What we did
Keeping young people involved during a crisis
The pandemic shut down traditional rites of passage for youth across the United States. In Chicago, the crisis inspired the city to create a new youth program—the Chicago Youth Service Corps (CYSC)—both to encourage civic engagement and to provide a sense of normalcy to participants, with a virtual graduation ceremony at the end of the season.
In partnership with One Summer Chicago, Slalom provided project management and program development support for the CYSC, a civic-service-oriented jobs program. Twenty different partners came together—including the library and the parks department—to create over 2,000 opportunities that focused on community service. Some jobs naturally aligned with helping the city respond to the pandemic. All opportunities aimed to provide Chicago’s young people with access to the skills and tools they need to contribute to their city.
Many programs, five guiding principles
Slalom helped participating organizations create new work programs and evolve existing ones so that every option in the CYSC covered the same guiding principles. The pillars include “Shape Chicago” through civic leadership; “Build Your Community and City” by making a bigger impact through collaboration; “Learn to Lead, Lead to Learn” and improve CYSC programming through feedback and leadership; “Elevate Your Voice” to explore identities, passions, and goals; and finally, “Celebrate Yourself and Others” by honoring everyone’s diverse backgrounds and experiences.
Since the pandemic necessitated that a portion of the jobs remain virtual, Slalom helped design the online aspect of the program too.

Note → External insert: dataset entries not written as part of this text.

lemma enemy_of_enemy:
  assumes "j \<in> enemies G i" and "k \<in> enemies G j" and "k \<noteq> i"
  shows "k \<in> friends G i"
proof -
  have "i \<noteq> j" "j \<noteq> k"
    using assms by (auto simp: enemies_def)
  with assms balanced show ?thesis
    unfolding structural_balance_def by blast
qed

lemma friend_of_enemy:
  assumes "j \<in> enemies G i" and "k \<in> friends G j" and "k \<noteq> i"
  shows "k \<in> enemies G i"
proof -
  have "i \<noteq> j" "j \<noteq> k"
    using assms by (auto simp: enemies_def friends_def)
  with assms balanced show ?thesis
    unfolding structural_balance_def by blast
qed

lemma enemy_of_friend:
  assumes "j \<in> friends G i" and "k \<in> enemies G j" and "k \<noteq> i"
  shows "k \<in> enemies G i"
proof -
  have "i \<in> enemies G k"
    using friend_of_enemy[OF enemies_sym[OF assms(2)] friends_sym[OF assms(1)]] assms(3) by simp
  then show ?thesis
    by (rule enemies_sym)
qed
(* Let $M$ be a smooth manifold, let $\nabla$ be an affine connection on $M$ and let $(\hat J_1,\hat J_2,\hat J)$ be a generalized quaternionic structure on $M$. Then the canonical connection of $(\hat J_1,\hat J_2,\nabla)$ is the generalized Obata connection.
   Context: $E:=TM\oplus T^*M$. The $\nabla$-bracket: $[X+\eta,Y+\beta]_\nabla:=[X,Y]+\nabla_X\beta-\nabla_Y\eta$. $N^\nabla_{\hat K}(\sigma,\tau):=[\hat K\sigma,\hat K\tau]_\nabla-\hat K[\hat K\sigma,\tau]_\nabla-\hat K[\sigma,\hat K\tau]_\nabla+\hat K^2[\sigma,\tau]_\nabla$; $\hat K$ is $\nabla$-integrable if this vanishes. A generalized quaternionic structure is a triple of endomorphisms $\hat J_1,\hat J_2,\hat J=\hat J_1\hat J_2$ of $E$ with $\hat J_1^2=\hat J_2^2=-I$, $\hat J_1\hat J_2=-\hat J_2\hat J_1$, all three $\nabla$-integrable. A generalized affine connection is an $\mathbb R$-bilinear $D$ on sections of $E$ with $D_{f\sigma}\tau=fD_\sigma\tau$, $D_\sigma(f\tau)=X(f)\tau+fD_\sigma\tau$ for $\sigma=X+\eta$. The canonical connection of $(\hat J_1,\hat J_2,\nabla)$ is the unique generalized affine connection $D$ with $D\hat J_1=D\hat J_2=D\hat J=0$ and $D_\sigma\tau-D_\tau\sigma-[\sigma,\tau]_\nabla=0$ (complex-linear extensions) for all sections $\sigma$ of $V_1=\{\sigma-\sqrt{-1}\hat J_1\sigma\}$ and $\tau$ of $V_2=\{\sigma+\sqrt{-1}\hat J_1\sigma\}$ in $E\otimes\mathbb C$. Writing $\hat J_3:=\hat J$, the generalized Obata connection is $D_\sigma\tau=\frac1{12}\Big\{\sum_{(\alpha,\beta,\gamma)}\hat J_\alpha([\hat J_\beta\sigma,\hat J_\gamma\tau]_\nabla+[\hat J_\beta\tau,\hat J_\gamma\sigma]_\nabla)+2\sum_{\alpha=1}^3\hat J_\alpha([\hat J_\alpha\sigma,\tau]_\nabla+[\hat J_\alpha\tau,\sigma]_\nabla)-\sum_{\alpha=1}^3N^\nabla_{\hat J_\alpha}(\sigma,\tau)\Big\}+\frac12[\sigma,\tau]_\nabla$, where $(\alpha,\beta,\gamma)$ runs over the cyclic permutations of $(1,2,3)$. *)

theory Defs
  imports "HOL-Analysis.Analysis"
begin

text \<open>C-infinity on an open set S: differentiable, and every directional derivative
  is again C-infinity (greatest fixed point = differentiable to all orders).\<close>
coinductive cinf_on :: "'a::euclidean_space set \<Rightarrow> ('a \<Rightarrow> real) \<Rightarrow> bool" where
  "f differentiable_on S \<Longrightarrow> (\<forall>v. cinf_on S (\<lambda>x. frechet_derivative f (at x) v))
    \<Longrightarrow> cinf_on S f"

section \<open>Smooth manifolds (the type 'm is the underlying point set)\<close>

definition atlas_open :: "('m set \<times> ('m \<Rightarrow> 'e::euclidean_space)) set \<Rightarrow> 'm set \<Rightarrow> bool" where
  "atlas_open A W \<longleftrightarrow> (\<forall>(U,\<phi>)\<in>A. open (\<phi> ` (W \<inter> U)))"

definition smooth_manifold :: "('m set \<times> ('m \<Rightarrow> 'e::euclidean_space)) set \<Rightarrow> bool" where
  "smooth_manifold A \<longleftrightarrow>
     (\<Union>(U,\<phi>)\<in>A. U) = UNIV \<and>
     (\<forall>(U,\<phi>)\<in>A. inj_on \<phi> U) \<and>
     (\<forall>(U,\<phi>)\<in>A. \<forall>(V,\<psi>)\<in>A. open (\<phi> ` (U \<inter> V)) \<and>
        (\<forall>i\<in>Basis. cinf_on (\<phi> ` (U \<inter> V)) (\<lambda>x. \<psi> (inv_into U \<phi> x) \<bullet> i))) \<and>
     (\<forall>p q. p \<noteq> q \<longrightarrow> (\<exists>W1 W2. atlas_open A W1 \<and> atlas_open A W2 \<and>
        p \<in> W1 \<and> q \<in> W2 \<and> W1 \<inter> W2 = {})) \<and>
     (\<exists>B. countable B \<and> (\<forall>W\<in>B. atlas_open A W) \<and>
        (\<forall>W. atlas_open A W \<longrightarrow> (\<exists>B'\<subseteq>B. W = \<Union>B')))"

definition smooth_fns :: "('m set \<times> ('m \<Rightarrow> 'e::euclidean_space)) set \<Rightarrow> ('m \<Rightarrow> real) set" where
  "smooth_fns A = {f. \<forall>(U,\<phi>)\<in>A. cinf_on (\<phi> ` U) (f \<circ> inv_into U \<phi>)}"

section \<open>Vector fields (derivations of C-infinity(M)), 1-forms, sections of TM + T*M\<close>

type_synonym 'm fn = "'m \<Rightarrow> real"
type_synonym 'm vf = "'m fn \<Rightarrow> 'm fn"
type_synonym 'm form = "'m vf \<Rightarrow> 'm fn"
type_synonym 'm sec = "'m vf \<times> 'm form"

definition vector_fields :: "('m set \<times> ('m \<Rightarrow> 'e::euclidean_space)) set \<Rightarrow> 'm vf set" where
  "vector_fields A = {X.
     (\<forall>f\<in>smooth_fns A. X f \<in> smooth_fns A) \<and>
     (\<forall>f\<in>smooth_fns A. \<forall>g\<in>smooth_fns A.
        X (\<lambda>p. f p + g p) = (\<lambda>p. X f p + X g p) \<and>
        X (\<lambda>p. f p * g p) = (\<lambda>p. f p * X g p + g p * X f p)) \<and>
     (\<forall>c. \<forall>f\<in>smooth_fns A. X (\<lambda>p. c * f p) = (\<lambda>p. c * X f p)) \<and>
     (\<forall>f. f \<notin> smooth_fns A \<longrightarrow> X f = (\<lambda>p. 0))}"

definition vf_add :: "'m vf \<Rightarrow> 'm vf \<Rightarrow> 'm vf" where
  "vf_add X Y = (\<lambda>g p. X g p + Y g p)"

definition vf_smul :: "'m fn \<Rightarrow> 'm vf \<Rightarrow> 'm vf" where
  "vf_smul f X = (\<lambda>g p. f p * X g p)"

definition lie :: "'m vf \<Rightarrow> 'm vf \<Rightarrow> 'm vf" where
  "lie X Y = (\<lambda>g p. X (Y g) p - Y (X g) p)"

definition one_forms :: "('m set \<times> ('m \<Rightarrow> 'e::euclidean_space)) set \<Rightarrow> 'm form set" where
  "one_forms A = {\<eta>.
     (\<forall>X\<in>vector_fields A. \<eta> X \<in> smooth_fns A) \<and>
     (\<forall>X\<in>vector_fields A. \<forall>Y\<in>vector_fields A. \<eta> (vf_add X Y) = (\<lambda>p. \<eta> X p + \<eta> Y p)) \<and>
     (\<forall>f\<in>smooth_fns A. \<forall>X\<in>vector_fields A. \<eta> (vf_smul f X) = (\<lambda>p. f p * \<eta> X p)) \<and>
     (\<forall>X. X \<notin> vector_fields A \<longrightarrow> \<eta> X = (\<lambda>p. 0))}"

definition affine_connection ::
  "('m set \<times> ('m \<Rightarrow> 'e::euclidean_space)) set \<Rightarrow> ('m vf \<Rightarrow> 'm vf \<Rightarrow> 'm vf) \<Rightarrow> bool" where
  "affine_connection A nb \<longleftrightarrow>
     (\<forall>X\<in>vector_fields A. \<forall>Y\<in>vector_fields A. nb X Y \<in> vector_fields A) \<and>
     (\<forall>X\<in>vector_fields A. \<forall>X'\<in>vector_fields A. \<forall>Y\<in>vector_fields A.
        nb (vf_add X X') Y = vf_add (nb X Y) (nb X' Y)) \<and>
     (\<forall>X\<in>vector_fields A. \<forall>Y\<in>vector_fields A. \<forall>Y'\<in>vector_fields A.
        nb X (vf_add Y Y') = vf_add (nb X Y) (nb X Y')) \<and>
     (\<forall>f\<in>smooth_fns A. \<forall>X\<in>vector_fields A. \<forall>Y\<in>vector_fields A.
        nb (vf_smul f X) Y = vf_smul f (nb X Y) \<and>
        nb X (vf_smul f Y) = vf_add (vf_smul (X f) Y) (vf_smul f (nb X Y)))"

definition form_nabla ::
  "('m set \<times> ('m \<Rightarrow> 'e::euclidean_space)) set \<Rightarrow> ('m vf \<Rightarrow> 'm vf \<Rightarrow> 'm vf) \<Rightarrow> 'm vf \<Rightarrow> 'm form \<Rightarrow> 'm form" where
  "form_nabla A nb X \<eta> = (\<lambda>Y. if Y \<in> vector_fields A then (\<lambda>p. X (\<eta> Y) p - \<eta> (nb X Y) p) else (\<lambda>p. 0))"

definition sections :: "('m set \<times> ('m \<Rightarrow> 'e::euclidean_space)) set \<Rightarrow> 'm sec set" where
  "sections A = vector_fields A \<times> one_forms A"

definition sec_add :: "'m sec \<Rightarrow> 'm sec \<Rightarrow> 'm sec" where
  "sec_add \<sigma> \<tau> = (vf_add (fst \<sigma>) (fst \<tau>), \<lambda>Z p. snd \<sigma> Z p + snd \<tau> Z p)"

definition sec_smul :: "'m fn \<Rightarrow> 'm sec \<Rightarrow> 'm sec" where
  "sec_smul f \<sigma> = (vf_smul f (fst \<sigma>), \<lambda>Z p. f p * snd \<sigma> Z p)"

definition sec_scale :: "real \<Rightarrow> 'm sec \<Rightarrow> 'm sec" where
  "sec_scale c \<sigma> = sec_smul (\<lambda>p. c) \<sigma>"

definition sec_neg :: "'m sec \<Rightarrow> 'm sec" where
  "sec_neg \<sigma> = sec_scale (-1) \<sigma>"

definition sec_sub :: "'m sec \<Rightarrow> 'm sec \<Rightarrow> 'm sec" where
  "sec_sub \<sigma> \<tau> = sec_add \<sigma> (sec_neg \<tau>)"

definition sec_zero :: "'m sec" where
  "sec_zero = ((\<lambda>g p. 0), (\<lambda>Z p. 0))"

definition nbracket ::
  "('m set \<times> ('m \<Rightarrow> 'e::euclidean_space)) set \<Rightarrow> ('m vf \<Rightarrow> 'm vf \<Rightarrow> 'm vf) \<Rightarrow> 'm sec \<Rightarrow> 'm sec \<Rightarrow> 'm sec" where
  "nbracket A nb \<sigma> \<tau> = (lie (fst \<sigma>) (fst \<tau>),
      \<lambda>Z p. form_nabla A nb (fst \<sigma>) (snd \<tau>) Z p - form_nabla A nb (fst \<tau>) (snd \<sigma>) Z p)"

definition gen_endo :: "('m set \<times> ('m \<Rightarrow> 'e::euclidean_space)) set \<Rightarrow> ('m sec \<Rightarrow> 'm sec) \<Rightarrow> bool" where
  "gen_endo A K \<longleftrightarrow>
     (\<forall>\<sigma>\<in>sections A. K \<sigma> \<in> sections A) \<and>
     (\<forall>\<sigma>\<in>sections A. \<forall>\<tau>\<in>sections A. K (sec_add \<sigma> \<tau>) = sec_add (K \<sigma>) (K \<tau>)) \<and>
     (\<forall>f\<in>smooth_fns A. \<forall>\<sigma>\<in>sections A. K (sec_smul f \<sigma>) = sec_smul f (K \<sigma>))"

definition nijenhuis ::
  "('m set \<times> ('m \<Rightarrow> 'e::euclidean_space)) set \<Rightarrow> ('m vf \<Rightarrow> 'm vf \<Rightarrow> 'm vf) \<Rightarrow> ('m sec \<Rightarrow> 'm sec)
     \<Rightarrow> 'm sec \<Rightarrow> 'm sec \<Rightarrow> 'm sec" where
  "nijenhuis A nb K \<sigma> \<tau> =
     sec_add (sec_sub (sec_sub (nbracket A nb (K \<sigma>) (K \<tau>))
                               (K (nbracket A nb (K \<sigma>) \<tau>)))
                      (K (nbracket A nb \<sigma> (K \<tau>))))
             (K (K (nbracket A nb \<sigma> \<tau>)))"

definition nabla_integrable ::
  "('m set \<times> ('m \<Rightarrow> 'e::euclidean_space)) set \<Rightarrow> ('m vf \<Rightarrow> 'm vf \<Rightarrow> 'm vf) \<Rightarrow> ('m sec \<Rightarrow> 'm sec) \<Rightarrow> bool" where
  "nabla_integrable A nb K \<longleftrightarrow>
     (\<forall>\<sigma>\<in>sections A. \<forall>\<tau>\<in>sections A. nijenhuis A nb K \<sigma> \<tau> = sec_zero)"

definition gen_quaternionic ::
  "('m set \<times> ('m \<Rightarrow> 'e::euclidean_space)) set \<Rightarrow> ('m vf \<Rightarrow> 'm vf \<Rightarrow> 'm vf)
     \<Rightarrow> ('m sec \<Rightarrow> 'm sec) \<Rightarrow> ('m sec \<Rightarrow> 'm sec) \<Rightarrow> bool" where
  "gen_quaternionic A nb J1 J2 \<longleftrightarrow>
     gen_endo A J1 \<and> gen_endo A J2 \<and>
     (\<forall>\<sigma>\<in>sections A. J1 (J1 \<sigma>) = sec_neg \<sigma>) \<and>
     (\<forall>\<sigma>\<in>sections A. J2 (J2 \<sigma>) = sec_neg \<sigma>) \<and>
     (\<forall>\<sigma>\<in>sections A. J1 (J2 \<sigma>) = sec_neg (J2 (J1 \<sigma>))) \<and>
     nabla_integrable A nb J1 \<and> nabla_integrable A nb J2 \<and> nabla_integrable A nb (J1 \<circ> J2)"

Making friends, building teams
One participant, 19-year-old Ethan Norwood—a future clinical social worker and a University of Illinois student—worked as a representative for Companies That Care, one of the partner organizations in the CYSC. During the six-week program, Norwood facilitated readings and led discussions. When they focused on the “Elevate Your Voice” theme, they talked about activism and voting.
This was Norwood’s second year working as a liaison for Companies That Care, but his first experience working virtually. “I didn’t think I’d make friends over Zoom,” he says. But he did, and plans on meeting up with colleagues in person when circumstances allow. One of his biggest takeaways this year was learning that “you can’t do anything without a team. If you try to do everything on your own, you get overwhelmed real quick,” he says.

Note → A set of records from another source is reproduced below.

(* Let $M=\{M_\gamma\}_{\gamma\in\Gamma}$ and $N=\{N_\omega\}_{\omega\in\Omega}$ be defining families of functions on $\mathbb C^{k_1}$ and $\mathbb C^{k_2}$ respectively, and let $h\in\mathcal H(M\otimes N)$. Suppose $N$ satisfies: (I) for every $\omega\in\Omega$ there exist $\omega'\in\Omega$ and a bounded integrable nonnegative function $L$ on $\mathbb C^{k_2}$ with $N_\omega\le LN_{\omega'}$ and $L(w)\to0$ as $|w|\to\infty$; (II) for every $\omega\in\Omega$ there exist $\omega'\in\Omega$, a neighborhood $B$ of the origin in $\mathbb C^{k_2}$ and $C>0$ with $N_\omega(w)\le CN_{\omega'}(w+w')$ for all $w\in\mathbb C^{k_2}$, $w'\in B$. Then $h(z,\cdot)\in\mathcal H(N)$ for every $z\in\mathbb C^{k_1}$, and for every $v\in\mathcal H'(N)$ the function $h_v(z)=\langle v,h(z,\cdot)\rangle$ belongs to $\mathcal H(M)$.
   Context: A defining family of functions on $\mathbb R^n$ is a family $M=\{M_\gamma\}_{\gamma\in\Gamma}$ of nonnegative measurable functions on $\mathbb R^n$, each bounded on bounded subsets, such that: (a) for all $\gamma_1,\gamma_2\in\Gamma$ there are $\gamma\in\Gamma$ and $C>0$ with $M_\gamma\ge C(M_{\gamma_1}+M_{\gamma_2})$; (b) there is a countable $\Gamma'\subset\Gamma$ such that for every $\gamma\in\Gamma$ there are $\gamma'\in\Gamma'$ and $C>0$ with $CM_\gamma\le M_{\gamma'}$; (c) for every $x$ there are $\gamma\in\Gamma$, a neighborhood $O(x)$ of $x$ and $C>0$ with $M_\gamma\ge C$ on $O(x)$. A defining family on $\mathbb C^k$ is a defining family on the underlying real space $\mathbb R^{2k}$. $\mathcal H(M)$ is the space of entire analytic functions $f$ on $\mathbb C^k$ with finite seminorms $\|f\|_\gamma=\sup_{z\in\mathbb C^k}M_\gamma(z)|f(z)|$, $\gamma\in\Gamma$, topologized by them; $\mathcal H'(N)$ is the continuous dual of $\mathcal H(N)$, $\langle\cdot,\cdot\rangle$ the dual pairing. $M\otimes N$ is the defining family on $\mathbb C^{k_1+k_2}$ given by $(M\otimes N)_{\gamma\omega}(z,w)=M_\gamma(z)N_\omega(w)$, $(\gamma,\omega)\in\Gamma\times\Omega$. *)

theory Defs
  imports "HOL-Analysis.Analysis"
begin

text \<open>C^k is modelled as complex ^ 'k (k = CARD('k)); C^(k1+k2) as complex ^ ('k1 + 'k2).\<close>

definition defining_family :: "'g set \<Rightarrow> ('g \<Rightarrow> complex ^ 'k \<Rightarrow> real) \<Rightarrow> bool" where
  "defining_family G M \<longleftrightarrow>
     (\<forall>g\<in>G. (\<forall>z. 0 \<le> M g z) \<and> M g \<in> borel_measurable lebesgue
             \<and> (\<forall>S. bounded S \<longrightarrow> bounded (M g ` S))) \<and>
     (\<forall>g1\<in>G. \<forall>g2\<in>G. \<exists>g\<in>G. \<exists>C>0. \<forall>z. M g z \<ge> C * (M g1 z + M g2 z)) \<and>
     (\<exists>G'\<subseteq>G. countable G' \<and> (\<forall>g\<in>G. \<exists>g'\<in>G'. \<exists>C>0. \<forall>z. C * M g z \<le> M g' z)) \<and>
     (\<forall>x. \<exists>g\<in>G. \<exists>U. open U \<and> x \<in> U \<and> (\<exists>C>0. \<forall>z\<in>U. M g z \<ge> C))"

definition entire_cn :: "(complex ^ 'k \<Rightarrow> complex) \<Rightarrow> bool" where
  "entire_cn f \<longleftrightarrow>
     (\<forall>z. \<exists>D. (f has_derivative D) (at z) \<and> (\<forall>c x. D (c *s x) = c * D x))"

definition Hspace :: "'g set \<Rightarrow> ('g \<Rightarrow> complex ^ 'k \<Rightarrow> real) \<Rightarrow> (complex ^ 'k \<Rightarrow> complex) set" where
  "Hspace G M = {f. entire_cn f \<and> (\<forall>g\<in>G. bdd_above (range (\<lambda>z. M g z * norm (f z))))}"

In other programs, young people checked in with seniors over the phone, made masks, and participated in a National Geographic-funded “social distance ambassador” program for the parks department. There were capstone projects and a virtual graduation ceremony.
Giving back to youth
“We wanted it to be a special thing for youth,” says Chris Kelly, Slalom lead consultant on the project. “There was recognition throughout the whole time that the kids have already faced a lot. They’re missing major milestones they’ve worked for. It’s not just about learning the skills, but knowing that you can apply them, and teach friends and family, and build a better future.”